Task to carry out:
Work out how many lines in the records below include the string "flip", and reply with that number alone.

Information supplied:
(* Let $(\mathcal M,g)$ be an $n$-dimensional Lorentzian manifold ($n\ge3$) with a concircularly semi-symmetric metric connection $\overset{1}{\nabla}$ whose associated vector field $P$ satisfies $g(P,P)=-1$. Then $(\mathcal M,g,\overset{1}{\nabla})$ is an Einstein type manifold of the zeroth kind (i.e. $\overset{0}{Ric}=\frac{\overset{0}{r}}{n}g$) if and only if it is a perfect fluid space-time whose Ricci tensor is $\overset{g}{Ric}=\frac{n-1}{4}(5g+\pi\otimes\pi)$; in that case the scalar curvature is constant, $4\overset{g}{r}=(n-1)(5n-1)$.
   Context: Let $(\mathcal M,g)$ be an $n$-dimensional pseudo-Riemannian manifold with Levi-Civita connection $\overset{g}{\nabla}$, let $P$ be a vector field and $\pi=g(\cdot,P)$ its associated 1-form. The semi-symmetric metric connection generated by $\pi$ is $\overset{1}{\nabla}_XY=\overset{g}{\nabla}_XY+\pi(Y)X-g(X,Y)P$; it satisfies $\overset{1}{\nabla}g=0$ and has torsion $\overset{1}{T}(X,Y)=\pi(Y)X-\pi(X)Y$. It is called a concircularly semi-symmetric metric connection if there is a smooth function $\omega$ on $\mathcal M$ such that $(\overset{g}{\nabla}_X\pi)(Y)-\pi(X)\pi(Y)=\omega\, g(X,Y)$ for all vector fields $X,Y$. Curvature tensors: $\overset{1}{R}(X,Y)Z=\overset{1}{\nabla}_X\overset{1}{\nabla}_YZ-\overset{1}{\nabla}_Y\overset{1}{\nabla}_XZ-\overset{1}{\nabla}_{[X,Y]}Z$, and with $\mathfrak S_{XYZ}$ the cyclic sum over $X,Y,Z$: $\overset{0}{R}(X,Y)Z=\overset{1}{R}(X,Y)Z-\tfrac12(\overset{1}{\nabla}_X\overset{1}{T})(Y,Z)+\tfrac12(\overset{1}{\nabla}_Y\overset{1}{T})(X,Z)-\tfrac14\mathfrak S_{XYZ}\overset{1}{T}(\overset{1}{T}(X,Y),Z)-\tfrac14\overset{1}{T}(\overset{1}{T}(X,Y),Z)$. The Ricci tensors are $\overset{\theta}{Ric}(Y,Z)=\mathrm{tr}(X\mapsto \overset{\theta}{R}(X,Y)Z)$, and $\overset{g}{Ric}$ is the Ricci tensor of $\overset{g}{\nabla}$ defined the same way; $\overset{\theta}{r}$ and $\overset{g}{r}$ are their $g$-traces. A Lorentzian manifold is a perfect fluid space-time if $\overset{g}{Ric}=ag+b\,\pi\otimes\pi$ for scalar functions $a,b$. *)

theory Defs
  imports "HOL-Analysis.Analysis"
begin

text \<open>Local-coordinate model: the manifold is an open set U of real^'n (a chart),
 dimension n = CARD('n).\<close>

type_synonym ('n) vfield = "real^'n \<Rightarrow> real^'n"
lemma lincomb_ac_scale_linear:
  "lincomb ac_scale bs (\<lambda>i. a * u i + b * w i) = to_ac a * lincomb ac_scale bs u + to_ac b * lincomb ac_scale bs w"
  by (simp add: lincomb_def sum.distrib sum_distrib_left algebra_simps)

lemma exists_ac_scale_basis:
  fixes S :: "'a::{finite,field} alg_closure set"
  assumes "finite S" "0 \<in> S" "\<And>x y. x \<in> S \<Longrightarrow> y \<in> S \<Longrightarrow> x + y \<in> S"
    and "\<And>c x. x \<in> S \<Longrightarrow> to_ac c * x \<in> S"
  shows "\<exists>bs. set bs \<subseteq> S \<and> bij_betw (lincomb ac_scale bs) (coord_space UNIV (length bs)) S"
proof (rule exists_lincomb_basis)
  show "card (UNIV :: 'a set) \<ge> 2"
    by (rule finite_field_card_ge_2)
  show "lincomb ac_scale bs c \<in> S" if "set bs \<subseteq> S" for bs and c :: "nat \<Rightarrow> 'a"
    unfolding lincomb_def using that by (intro sum_mem_add_closed assms(2-4)) (auto dest: nth_mem)
  fix bs x c d
  assume neq: "c (length bs) \<noteq> d (length bs)"
    and eq: "lincomb ac_scale (bs @ [x]) c = lincomb ac_scale (bs @ [x]) d"
  define e where "e = c (length bs) - d (length bs)"
  have "e \<noteq> 0"
    using neq by (simp add: e_def)
  have ex: "to_ac e * x = lincomb ac_scale bs d - lincomb ac_scale bs c"
    using eq by (simp add: lincomb_snoc e_def algebra_simps)
  have "x = to_ac (1 / e) * (to_ac e * x)"
    using \<open>e \<noteq> 0\<close> by (simp add: mult.assoc[symmetric] flip: to_ac_mult)
  also have "\<dots> = to_ac (1 / e) * lincomb ac_scale bs d + to_ac (- (1 / e)) * lincomb ac_scale bs c"
    by (simp add: ex right_diff_distrib)
  also have "\<dots> = lincomb ac_scale bs (\<lambda>i. 1 / e * d i + - (1 / e) * c i)"
    by (rule lincomb_ac_scale_linear[symmetric])
  also have "\<dots> = lincomb ac_scale bs (\<lambda>i. if i < length bs then 1 / e * d i + - (1 / e) * c i else 0)"
    by (rule lincomb_cong) simp
  finally show "x \<in> lincomb ac_scale bs ` coord_space UNIV (length bs)"
    by (auto simp: coord_space_def)
qed (use assms(1) in simp_all)

definition ac_linear :: "((nat \<Rightarrow> 'a::field) \<Rightarrow> 'a alg_closure) \<Rightarrow> bool" where
  "ac_linear L \<longleftrightarrow> (\<forall>u w c. L (\<lambda>i. u i + c * w i) = L u + to_ac c * L w)"

lemma ac_linearD: "ac_linear L \<Longrightarrow> L (\<lambda>i. u i + c * w i) = L u + to_ac c * L w"
  by (simp add: ac_linear_def)

lemma ac_linear_zero:
  assumes "ac_linear L"
  shows "L (\<lambda>i. 0) = 0"
  using ac_linearD[OF assms, of "\<lambda>i. 0" "- 1" "\<lambda>i. 0"] by simp

lemma ac_linear_scale:
  assumes "ac_linear L"
  shows "L (\<lambda>i. c * v i) = to_ac c * L v"
  using ac_linearD[OF assms, of "\<lambda>i. 0" c v] by (simp add: ac_linear_zero[OF assms])

lemma pg_vecs_eq_coord_space: "pg_vecs n = coord_space UNIV (Suc n)"
  by (auto simp: pg_vecs_def coord_space_def Suc_le_eq)

lemma finite_pg_vecs: "finite (pg_vecs n :: (nat \<Rightarrow> 'a::{finite,field}) set)"
proof -
  have "card (pg_vecs n :: (nat \<Rightarrow> 'a) set) > 0"
    using finite_field_card_ge_2[where 'a = 'a] by (simp add: pg_vecs_eq_coord_space card_coord_space)
  then show ?thesis
    using card_ge_0_finite by blast
qed

lemma exists_ac_linear_bij_pg_vecs:
  fixes K :: "'a::{finite,field} alg_closure set"
  assumes "finite K" "0 \<in> K" "\<And>x y. x \<in> K \<Longrightarrow> y \<in> K \<Longrightarrow> x + y \<in> K"
    and "\<And>c x. x \<in> K \<Longrightarrow> to_ac c * x \<in> K" and "card K = CARD('a) ^ Suc n"
  obtains L where "ac_linear L" "bij_betw L (pg_vecs n) K"
proof -
  obtain bs where bs: "bij_betw (lincomb ac_scale bs) (coord_space UNIV (length bs)) K"
    using exists_ac_scale_basis[OF assms(1-4)] by blast
  have "CARD('a) ^ length bs = CARD('a) ^ Suc n"
    using bij_betw_same_card[OF bs] assms(5) by (simp add: card_coord_space)
  then have "length bs = Suc n"
    using finite_field_card_ge_2[where 'a = 'a] by (simp del: power_Suc)
  moreover have "ac_linear (lincomb ac_scale bs)"
    using lincomb_ac_scale_linear[of bs 1] by (simp add: ac_linear_def)
  ultimately show ?thesis
    using that bs by (simp add: pg_vecs_eq_coord_space)
qed

lemma span1_eq_image: "span1 v = (\<lambda>c i. c * v i) ` UNIV"
  by (auto simp: span1_def)

lemma span1_self: "v \<in> span1 v"
  unfolding span1_def by (auto intro: exI[of _ 1])

lemma inj_scale_nonzero:
  assumes "v \<noteq> (\<lambda>i. 0 :: 'a::field)"
  shows "inj (\<lambda>c i. c * v i)"
proof (rule injI)
  fix c d :: 'a
  assume eq: "(\<lambda>i. c * v i) = (\<lambda>i. d * v i)"
  obtain i where "v i \<noteq> 0"
    using assms by auto
  then show "c = d"
    using fun_cong[OF eq, of i] by simp
qed

lemma span1_scale:
  assumes "(c :: 'a::field) \<noteq> 0"
  shows "span1 (\<lambda>i. c * v i) = span1 v"
proof -
  have "(\<lambda>d i. d * (c * v i)) ` UNIV = (\<lambda>d i. d * v i) ` ((\<lambda>d. d * c) ` UNIV)"
    by (simp add: image_image mult.assoc)
  also have "(\<lambda>d. d * c) ` UNIV = UNIV"
    using assms by (intro surjI[where f = "\<lambda>d. d / c"]) simp
  finally show ?thesis
    by (simp add: span1_eq_image)
qed

lemma pg_point_subset: "P \<in> pg_points n \<Longrightarrow> P \<subseteq> pg_vecs n"
  by (auto simp: pg_points_def span1_def pg_vecs_def)

lemma pg_point_eq_span1:
  assumes "P \<in> pg_points n" "w \<in> P" "w \<noteq> (\<lambda>i. 0)"
  shows "P = span1 w"
proof -
  obtain v c where "P = span1 v" "w = (\<lambda>i. c * v i)"
    using assms(1,2) by (auto simp: pg_points_def span1_def)
  moreover have "c \<noteq> 0"
    using assms(3) calculation(2) by auto
  ultimately show ?thesis
    by (simp add: span1_scale)
qed

section \<open>Power sums over points and hyperplanes\<close>

lemma sum_span1_power_card_minus_1:
  fixes v :: "nat \<Rightarrow> 'a::{finite,field}"
  assumes "ac_linear L" "v \<noteq> (\<lambda>i. 0)"
  shows "(\<Sum>w\<in>span1 v. L w ^ (CARD('a) - 1)) = - (L v ^ (CARD('a) - 1))"
proof -
  have "(\<Sum>w\<in>span1 v. L w ^ (CARD('a) - 1)) = (\<Sum>c\<in>UNIV. L (\<lambda>i. c * v i) ^ (CARD('a) - 1))"
    unfolding span1_eq_image using inj_scale_nonzero[OF assms(2)] by (simp add: sum.reindex)
  also have "\<dots> = (\<Sum>c::'a\<in>UNIV. (0 + to_ac c * L v) ^ (CARD('a) - 1))"
    by (simp add: ac_linear_scale[OF assms(1)])
  also have "\<dots> = - (L v ^ (CARD('a) - 1))"
    by (rule sum_line_power_card_minus_1)
  finally show ?thesis .
qed

lemma sum_split_coordinate:
  fixes V :: "(nat \<Rightarrow> 'a::field) set" and H :: "(nat \<Rightarrow> 'a) \<Rightarrow> 'b::comm_monoid_add"
  assumes "w k = 1" and closed: "\<And>v c. v \<in> V \<Longrightarrow> (\<lambda>i. v i + c * w i) \<in> V"
  shows "(\<Sum>v\<in>V. H v) = (\<Sum>u\<in>{v\<in>V. v k = 0}. \<Sum>c\<in>UNIV. H (\<lambda>i. u i + c * w i))"
proof -
  have "(\<Sum>v\<in>V. H v) = (\<Sum>(u, c)\<in>{v\<in>V. v k = 0} \<times> UNIV. H (\<lambda>i. u i + c * w i))"
  proof (rule sum.reindex_bij_witness[where i = "\<lambda>(u, c) i. u i + c * w i"
        and j = "\<lambda>v. (\<lambda>i. v i - v k * w i, v k)"])
    fix v assume "v \<in> V"
    then show "(\<lambda>i. v i - v k * w i, v k) \<in> {v \<in> V. v k = 0} \<times> UNIV"
      using closed[of v "- v k"] assms(1) by simp
  qed (use assms closed in auto)
  then show ?thesis
    by (simp add: sum.cartesian_product)
qed

lemma sum_subspace_power_card_minus_1:
  fixes W :: "(nat \<Rightarrow> 'a::{finite,field}) set"
  assumes "finite W" and closed: "\<And>v u c. v \<in> W \<Longrightarrow> u \<in> W \<Longrightarrow> (\<lambda>i. v i + c * u i) \<in> W"
    and "ac_linear L" and w: "w1 \<in> W" "w2 \<in> W" "w1 k = 1" "w2 k = 0" "w2 l = 1"
  shows "(\<Sum>v\<in>W. L v ^ (CARD('a) - 1)) = 0"
proof -
  define U where "U = {v\<in>W. v k = 0}"
  have "card U = (\<Sum>u\<in>U. 1)"
    by simp
  also have "\<dots> = (\<Sum>u\<in>{v\<in>U. v l = 0}. \<Sum>c\<in>(UNIV :: 'a set). 1)"
    by (rule sum_split_coordinate[where w = w2]) (use closed w in \<open>auto simp: U_def\<close>)
  finally have "card U = card {v\<in>U. v l = 0} * CARD('a)"
    by simp
  then have "of_nat (card U) = (0 :: 'a alg_closure)"
    by simp
  have "(\<Sum>v\<in>W. L v ^ (CARD('a) - 1))
      = (\<Sum>u\<in>U. \<Sum>c\<in>UNIV. (L u + to_ac c * L w1) ^ (CARD('a) - 1))"
    unfolding U_def using closed w(1,3)
    by (subst sum_split_coordinate[where w = w1]) (simp_all add: ac_linearD[OF assms(3)])
  also have "\<dots> = (\<Sum>u\<in>U. - (L w1 ^ (CARD('a) - 1)))"
    by (intro sum.cong refl sum_line_power_card_minus_1)
  also have "\<dots> = - (of_nat (card U) * L w1 ^ (CARD('a) - 1))"
    by (simp add: sum_negf)
  finally show ?thesis
    using \<open>of_nat (card U) = 0\<close> by simp
qed

lemma sum_hyperplane_vecs_power_card_minus_1:
  fixes a :: "nat \<Rightarrow> 'a::{finite,field}"
  assumes "n \<ge> 2" "a \<in> pg_vecs n" "a \<noteq> (\<lambda>i. 0)" "ac_linear L"
  shows "(\<Sum>v\<in>{v\<in>pg_vecs n. (\<Sum>i\<le>n. a i * v i) = 0}. L v ^ (CARD('a) - 1)) = 0"
proof -
  define W where "W = {v\<in>pg_vecs n. (\<Sum>i\<le>n. a i * v i) = 0}"
  obtain j where j: "a j \<noteq> 0"
    using assms(3) by auto
  then have "j \<le> n"
    using assms(2) by (auto simp: pg_vecs_def not_le[symmetric])
  define k where "k = (if j = 0 then 1 else (0::nat))"
  define l where "l = (if j = 2 then 1 else (2::nat))"
  have kl: "k \<noteq> j" "l \<noteq> j" "k \<noteq> l" "k \<le> n" "l \<le> n"
    using assms(1) by (auto simp: k_def l_def)
  define e where "e t = (\<lambda>i. if i = t then 1 else if i = j then - a t / a j else 0)" for t
  have e: "e t \<in> W" if "t \<le> n" "t \<noteq> j" for t
  proof -
    have "(\<Sum>i\<le>n. a i * e t i) = (\<Sum>i\<le>n. (if i = t then a t else 0) + (if i = j then - a t else 0))"
      using j that by (intro sum.cong) (auto simp: e_def)
    also have "\<dots> = 0"
      using that \<open>j \<le> n\<close> by (simp add: sum.distrib)
    finally show ?thesis
      using that \<open>j \<le> n\<close> by (auto simp: W_def pg_vecs_def e_def)
  qed
  have "(\<Sum>v\<in>W. L v ^ (CARD('a) - 1)) = 0"
  proof (rule sum_subspace_power_card_minus_1[where k = k and l = l, OF _ _ assms(4) e[of k] e[of l]])
    show "finite W"
      unfolding W_def by (rule finite_subset[OF _ finite_pg_vecs]) auto
    show "(\<lambda>i. v i + c * u i) \<in> W" if "v \<in> W" "u \<in> W" for v u c
      using that by (auto simp: W_def pg_vecs_def algebra_simps sum.distrib simp flip: sum_distrib_left)
  qed (use kl in \<open>simp_all add: e_def\<close>)
  then show ?thesis
    by (simp add: W_def)
qed

lemma pg_hyperplane_vecs:
  "insert (\<lambda>i. 0) (\<Union>(pg_hyperplane n a)) = {v \<in> pg_vecs n. (\<Sum>i\<le>n. a i * v i) = (0 :: 'a::field)}"
proof (intro equalityI subsetI)
  fix w assume "w \<in> insert (\<lambda>i. 0) (\<Union>(pg_hyperplane n a))"
  then show "w \<in> {v \<in> pg_vecs n. (\<Sum>i\<le>n. a i * v i) = 0}"
    using pg_point_subset by (auto simp: pg_hyperplane_def pg_vecs_def)
next
  fix w assume w: "w \<in> {v \<in> pg_vecs n. (\<Sum>i\<le>n. a i * v i) = 0}"
  show "w \<in> insert (\<lambda>i. 0) (\<Union>(pg_hyperplane n a))"
  proof (cases "w = (\<lambda>i. 0)")
    case False
    have "\<forall>u\<in>span1 w. (\<Sum>i\<le>n. a i * u i) = 0"
      using w by (auto simp: span1_def mult.left_commute simp flip: sum_distrib_left)
    then have "span1 w \<in> pg_hyperplane n a"
      using w False by (auto simp: pg_hyperplane_def pg_points_def)
    then show ?thesis
      using span1_self[of w] by blast
  qed simp
qed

Exercise output:
3